The method phoneUtil.parse(number, countryAcronym) returns the number with its country code, but what it does is, if I pass the number with the acronym "US" it return the number with country code '1', now if I change the acronym to "BR" it changes the number and return '55' that is the country code for Brazil. So, anyways, I need the country acronym based on the number I get.
EX:
numberReturned = phoneUtil.parse(phoneNumber, "US");
phoneUtil.format(numberReturned, PhoneNumberFormat.INTERNATIONAL);
The above code, returns the number with the US country code but now if I change the "US" to any other country acronym it will return the same number but with the country code of that country.
I know that this lib is not supposed to guess from which country the number is (THAT WOULD BE AWESOME!!), but thats what I need.
This is really making my mind goes crazy.
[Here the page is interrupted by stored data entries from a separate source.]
lemma CRB_closed_form:
  assumes "N > 0" and "\<forall>m\<in>{3..N}. cinner N (atil N \<theta>) (t m) = 0"
  shows "CRB N Ne L P \<tau> \<sigma>r c4 \<alpha> \<beta> \<theta> h t \<phi> =
         \<sigma>r\<^sup>2 / (2 * (cmod c4)\<^sup>2 * real L * P * \<tau> * (vnorm Ne (cder Ne \<phi>))\<^sup>2 * (cmod \<alpha>)\<^sup>2 * real N)"
  unfolding CRB_def qform_Rx_avec[OF assms] by (simp add: ac_simps)

lemma less_divide_cos_squared_iff:
  fixes \<epsilon> s D c :: real
  assumes "0 < \<epsilon>" "0 < D" "0 < c" "0 \<le> s"
  shows "\<epsilon> < s\<^sup>2 / (D * c\<^sup>2) \<longleftrightarrow> c < s / sqrt (\<epsilon> * D)"
proof -
  have "\<epsilon> < s\<^sup>2 / (D * c\<^sup>2) \<longleftrightarrow> c\<^sup>2 < s\<^sup>2 / (\<epsilon> * D)"
    using assms by (simp add: field_simps)
  also have "\<dots> \<longleftrightarrow> sqrt (c\<^sup>2) < sqrt (s\<^sup>2 / (\<epsilon> * D))"
    by (rule real_sqrt_less_iff[symmetric])
  also have "\<dots> \<longleftrightarrow> c < s / sqrt (\<epsilon> * D)"
    using assms by (simp add: real_sqrt_divide)
  finally show ?thesis .
qed

lemma cos_less_cos_iff_abs:
  assumes "\<phi> \<in> {-pi/2<..<pi/2}" "0 \<le> a" "a \<le> pi"
  shows "cos \<phi> < cos a \<longleftrightarrow> a < \<bar>\<phi>\<bar>"
proof -
  have "cos \<phi> = cos \<bar>\<phi>\<bar>" "\<bar>\<phi>\<bar> \<le> pi"
    using assms(1) by auto
  then show ?thesis
    using cos_mono_less_eq[of "\<bar>\<phi>\<bar>" a] assms by simp
qed

lemma cos_less_set_eq_arccos:
  assumes "0 < u" "u < 1"
  shows "{\<phi> \<in> {-pi/2<..<pi/2}. cos \<phi> < u} = {-pi/2<..<- arccos u} \<union> {arccos u<..<pi/2}"
proof -
  have "0 < arccos u" "arccos u < pi/2"
    using assms arccos_lt_bounded[of u] arccos_less_arccos[of 0 u] by auto
  moreover have "cos (arccos u) = u"
    using assms by simp
  ultimately have "x \<in> {\<phi> \<in> {-pi/2<..<pi/2}. cos \<phi> < u} \<longleftrightarrow>
                  x \<in> {-pi/2<..<- arccos u} \<union> {arccos u<..<pi/2}" for x
    using cos_less_cos_iff_abs[of x "arccos u"] by (cases "x \<in> {-pi/2<..<pi/2}") auto
  then show ?thesis
    by blast
qed

lemma uniform_measure_cos_less:
  assumes "0 < u"
  shows "measure (uniform_measure lborel {-pi/2<..<pi/2}) {\<phi> \<in> {-pi/2<..<pi/2}. cos \<phi> < u}
         = (if u < 1 then 2 / pi * arcsin u else 1)"
proof -
  let ?S = "{-pi/2<..<pi/2::real}"
  let ?A = "{\<phi> \<in> ?S. cos \<phi> < u}"
  have "?A \<in> sets lborel"
    by measurable
  then have "measure (uniform_measure lborel ?S) ?A = measure lborel (?S \<inter> ?A) / measure lborel ?S"
    by (intro measure_uniform_measure) auto
  also have "?S \<inter> ?A = ?A"
    by auto
  finally have uniform: "measure (uniform_measure lborel ?S) ?A = measure lborel ?A / pi"
    by simp
  show ?thesis
  proof (cases "u < 1")
    case True
    have "0 < arccos u" "arccos u < pi/2"
      using assms True arccos_lt_bounded[of u] arccos_less_arccos[of 0 u] by auto
    then have "measure lborel ?A = pi - 2 * arccos u"
      unfolding cos_less_set_eq_arccos[OF assms True] by (subst measure_Union) auto
    then show ?thesis
      using uniform assms True by (simp add: arccos_arcsin_eq field_simps)
  next
    case False
    have "{\<phi> \<in> ?S. \<not> cos \<phi> < u} \<subseteq> {0}"
      using False cos_less_cos_iff_abs[of _ 0] by force
    then have "{\<phi> \<in> ?S. \<not> cos \<phi> < u} \<in> null_sets lborel"
      by (meson countable_imp_null_set_lborel countable_subset countable_finite finite.intros)
    then have "measure lborel (?S - {\<phi> \<in> ?S. \<not> cos \<phi> < u}) = measure lborel ?S"
      by (intro measure_Diff_null_set) auto
    moreover have "?S - {\<phi> \<in> ?S. \<not> cos \<phi> < u} = ?A"
      by blast
    ultimately show ?thesis
      using uniform False by simp
  qed
qed

definition crb_scale :: "nat \<Rightarrow> nat \<Rightarrow> nat \<Rightarrow> real \<Rightarrow> real \<Rightarrow> complex \<Rightarrow> complex \<Rightarrow> real" where
  "crb_scale N Ne L P \<tau> c4 \<alpha> =
     real Ne * real N * pi\<^sup>2 * real L * P * (cmod c4)\<^sup>2 * (cmod \<alpha>)\<^sup>2 * \<tau> * ((real Ne)\<^sup>2 - 1)"

lemma crb_scale_pos:
  assumes "N > 0" "Ne \<ge> 2" "L \<ge> 1" "P > 0" "\<tau> > 0" "c4 \<noteq> 0" "\<alpha> \<noteq> 0"
  shows "crb_scale N Ne L P \<tau> c4 \<alpha> > 0"
proof -
  have "(real Ne)\<^sup>2 > 1"
    using assms(2) by (intro one_less_power) auto
  then show ?thesis
    unfolding crb_scale_def using assms by (simp add: zero_less_mult_iff)
qed

lemma CRB_eq_cos_squared:
  assumes "N > 0" and "\<forall>m\<in>{3..N}. cinner N (atil N \<theta>) (t m) = 0"
  shows "CRB N Ne L P \<tau> \<sigma>r c4 \<alpha> \<beta> \<theta> h t \<phi> =
         (sqrt 6 * \<sigma>r)\<^sup>2 / (crb_scale N Ne L P \<tau> c4 \<alpha> * (cos \<phi>)\<^sup>2)"
proof -
  have "2 * (cmod c4)\<^sup>2 * real L * P * \<tau> * (pi\<^sup>2 * (cos \<phi>)\<^sup>2 * real Ne * ((real Ne)\<^sup>2 - 1) / 12)
        * (cmod \<alpha>)\<^sup>2 * real N = crb_scale N Ne L P \<tau> c4 \<alpha> * (cos \<phi>)\<^sup>2 / 6"
    unfolding crb_scale_def by (simp add: field_simps)
  then show ?thesis
    unfolding CRB_closed_form[OF assms] vnorm_cder_squared by (simp only:) (simp add: power_mult_distrib)
qed

lemma CRB_exceedance_set:
  assumes "N > 0" and "\<forall>m\<in>{3..N}. cinner N (atil N \<theta>) (t m) = 0"
    and "\<epsilon> > 0" "\<sigma>r \<ge> 0" "crb_scale N Ne L P \<tau> c4 \<alpha> > 0"
  shows "{\<phi> \<in> {-pi/2<..<pi/2}. CRB N Ne L P \<tau> \<sigma>r c4 \<alpha> \<beta> \<theta> h t \<phi> > \<epsilon>} =
         {\<phi> \<in> {-pi/2<..<pi/2}. cos \<phi> < sqrt 6 * \<sigma>r / sqrt (\<epsilon> * crb_scale N Ne L P \<tau> c4 \<alpha>)}"
proof -
  have "cos \<phi> > 0" if "\<phi> \<in> {-pi/2<..<pi/2}" for \<phi>
    using that by (auto intro: cos_gt_zero_pi)
  then show ?thesis
    unfolding CRB_eq_cos_squared[OF assms(1,2)]
    using less_divide_cos_squared_iff[OF assms(3,5)] assms(4) by auto
qed

theorem lemma4:
  fixes N Ne L :: nat and P \<tau> \<sigma>r \<theta> :: real and c4 \<alpha> \<beta> :: complex
    and h :: "nat \<Rightarrow> complex" and t :: "nat \<Rightarrow> nat \<Rightarrow> complex"
  assumes "N \<ge> 3" and "Ne \<ge> 2" and "L \<ge> 1"
    and "P > 0" and "0 < \<tau>" and "\<tau> < 1" and "\<sigma>r > 0"
    and "c4 \<noteq> 0"
    and "(cmod \<alpha>)^2 + (cmod \<beta>)^2 = 1" and "\<alpha> \<noteq> 0"
    and "-pi/2 < \<theta>" and "\<theta> < pi/2"
    and h_notin_span: "\<forall>z. \<exists>i\<in>{1..N}. h i \<noteq> z * avec N \<theta> i"
    and t_orthonormal: "\<forall>m\<in>{3..N}. \<forall>m'\<in>{3..N}.
                          cinner N (t m) (t m') = (if m = m' then 1 else 0)"
    and t_orth: "\<forall>m\<in>{3..N}. cinner N (atil N \<theta>) (t m) = 0 \<and> cinner N (htil N \<theta> h) (t m) = 0"
    and t_span: "\<forall>v. cinner N (atil N \<theta>) v = 0 \<and> cinner N (htil N \<theta> h) v = 0 \<longrightarrow>
                    (\<exists>co. \<forall>i\<in>{1..N}. v i = (\<Sum>m=3..N. co m * t m i))"
  shows "(\<forall>\<phi>. -pi/2 < \<phi> \<and> \<phi> < pi/2 \<longrightarrow>
            CRB N Ne L P \<tau> \<sigma>r c4 \<alpha> \<beta> \<theta> h t \<phi> =
              \<sigma>r^2 / (2 * (cmod c4)^2 * real L * P * \<tau> * (vnorm Ne (cder Ne \<phi>))^2
                       * (cmod \<alpha>)^2 * real N)
          \<and> (vnorm Ne (cder Ne \<phi>))^2 = pi^2 * (cos \<phi>)^2 * real Ne * ((real Ne)^2 - 1) / 12)
       \<and> (\<forall>\<epsilon>>0.
            let u = sqrt 6 * \<sigma>r / sqrt (\<epsilon> * real Ne * real N * pi^2 * real L * P * (cmod c4)^2
                                        * (cmod \<alpha>)^2 * \<tau> * ((real Ne)^2 - 1))
            in measure (uniform_measure lborel {-pi/2<..<pi/2})
                 {\<phi> \<in> {-pi/2<..<pi/2}. CRB N Ne L P \<tau> \<sigma>r c4 \<alpha> \<beta> \<theta> h t \<phi> > \<epsilon>}
               = (if u < 1 then 2 / pi * arcsin u else 1))"
proof -
  have N_pos: "N > 0" and t_orth_atil: "\<forall>m\<in>{3..N}. cinner N (atil N \<theta>) (t m) = 0"
    using assms(1) t_orth by auto
  have scale_pos: "crb_scale N Ne L P \<tau> c4 \<alpha> > 0"
    using assms by (intro crb_scale_pos) auto
  have exceedance_probability:
    "let u = sqrt 6 * \<sigma>r / sqrt (\<epsilon> * crb_scale N Ne L P \<tau> c4 \<alpha>)
     in measure (uniform_measure lborel {-pi/2<..<pi/2})
          {\<phi> \<in> {-pi/2<..<pi/2}. CRB N Ne L P \<tau> \<sigma>r c4 \<alpha> \<beta> \<theta> h t \<phi> > \<epsilon>}
        = (if u < 1 then 2 / pi * arcsin u else 1)" if "\<epsilon> > 0" for \<epsilon>
    using that scale_pos \<open>\<sigma>r > 0\<close>
    unfolding Let_def CRB_exceedance_set[OF N_pos t_orth_atil that less_imp_le[OF \<open>\<sigma>r > 0\<close>] scale_pos]
    by (intro uniform_measure_cos_less) simp
  have "\<epsilon> * real Ne * real N * pi^2 * real L * P * (cmod c4)^2 * (cmod \<alpha>)^2 * \<tau> * ((real Ne)^2 - 1)
        = \<epsilon> * crb_scale N Ne L P \<tau> c4 \<alpha>" for \<epsilon>
    unfolding crb_scale_def by (simp add: ac_simps)
  then show ?thesis
    using CRB_closed_form[OF N_pos t_orth_atil] vnorm_cder_squared exceedance_probability
    by (simp only:) blast
qed

end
I need good advices from the wise mages of SO.
If you please could help me with a good decision, I'd be so thankfull.
Thanks.
PS: If you already use libphonenumber and has more experience with this, please guide me on which class to use, if there is one capable of solving this problem. =)
1) The second parameter to phoneUtil.parse must match the country you're currently in - it's used if the phone number received does not include an international prefix. That's why you get different results when you change the parameter: the phone number you pass it does not contain such a prefix, so it just uses what you've told it.
Any parsing solution set to determine if the phone number is international or not will need to be aware of this: depending on the source, even a national number may be represented with the international dialing prefix (usually abstracted as +, since it differs between countries, but this is not guaranteed).
2) For area code parsing, there is no universal standard; some countries don't use them, and even within a country, area codes may have differing lengths (e.g. Germany). I'm not aware of an international library for this - and a quick search doesn't find anything (though that doesn't mean one does not exist). You might need to roll your own here; if you only need to support a single country, this shouldn't be too hard.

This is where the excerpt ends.